2. A principal received of its agent a voucher for work done by a plumber employed by the agent, receipted by the agent in the plumber's name. The sum so evidenced was credited to the agent, and the balance due from him proportionately reduced. No actual settlement by payment of this balance was had. Held, that the plumber was not estopped, by delay in presenting his claim to the principal, to hold the latter.

3. Books of a real estate agent, containing debits and credits relating to business transacted for a particular principal, and also other customers, are not admissible as books of the principal; it having had no power or right to make or direct entries therein.

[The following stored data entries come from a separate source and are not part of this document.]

lemma alg_isomorphic_sc5I:
  fixes f :: "idx5 \<Rightarrow> 'v" and brM :: "(idx5 \<Rightarrow> 'k) \<Rightarrow> (idx5 \<Rightarrow> 'k) \<Rightarrow> idx5 \<Rightarrow> 'k"
  assumes basis: "independent_list (map f [E1, E2, E3, E4, E5])"
    and structure_constants:
      "\<And>x y k. brM x y k = (\<Sum>i\<in>UNIV. \<Sum>j\<in>UNIV. x i * y j * brM (indicator {i}) (indicator {j}) k)"
    and table: "\<And>i j. br (f i) (f j) = (\<Sum>k\<in>UNIV. brM (indicator {i}) (indicator {j}) k *s f k)"
  shows "alg_isomorphic scale br sc5 brM"
proof -
  define g where "g c = (\<Sum>k\<in>UNIV. c k *s f k)" for c :: "idx5 \<Rightarrow> 'k"
  have "Vector_Spaces.linear sc5 scale g" "bij g"
    using linear_bij_idx5_coordinates[OF basis] card_Basis by (simp_all add: g_def[abs_def])
  moreover have "g (brM x y) = br (g x) (g y)" for x y
  proof -
    have "br (g x) (g y) =
        (\<Sum>i\<in>UNIV. \<Sum>j\<in>UNIV. \<Sum>k\<in>UNIV. (x i * y j * brM (indicator {i}) (indicator {j}) k) *s f k)"
      unfolding g_def bracket_sum_left
      unfolding bracket_sum_right bracket_scale_left bracket_scale_right table
      by (simp add: scale_sum_right mult.assoc mult.left_commute)
    also have "\<dots> =
        (\<Sum>i\<in>UNIV. \<Sum>k\<in>UNIV. \<Sum>j\<in>UNIV. (x i * y j * brM (indicator {i}) (indicator {j}) k) *s f k)"
      by (rule sum.cong[OF refl], rule sum.swap)
    also have "\<dots> =
        (\<Sum>k\<in>UNIV. \<Sum>i\<in>UNIV. \<Sum>j\<in>UNIV. (x i * y j * brM (indicator {i}) (indicator {j}) k) *s f k)"
      by (rule sum.swap)
    also have "\<dots> = g (brM x y)"
      unfolding g_def structure_constants[of x y] by (simp add: scale_sum_left)
    finally show ?thesis ..
  qed
  ultimately have "alg_isomorphic sc5 brM scale br"
    unfolding alg_isomorphic_def by blast
  then show ?thesis
    by (rule alg_isomorphic_sym)
qed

4. Books of a real estate agent, showing payment of a plumber employed by him, are not admissible against the plumber in an action by him against the agent's principal; the entry being neither an admission by the agent against his interest. nor the record of a fact forming part of the res gestæ, made by a person not interested in the principal fact in issue,-payment of the plumber being the principal issue.

5. Where a witness of defendant was out of the state, and his evidence was before the court only by the admission of plaintiff that he I would have sworn to a payment of the claim sued on, the books of such witness cannot be introduced as an admission that the witness, with his memory refreshed by their inspection, would have sworn to the payment, where no such demand was made by defendant on plaintiff.

Assumpsit by Thomas J. McKeen against the Providence County Savings Bank. On defendant's petition for new trial. Denied.

Argued before STINESS, C. J., and ROGERS and DOUGLAS, JJ.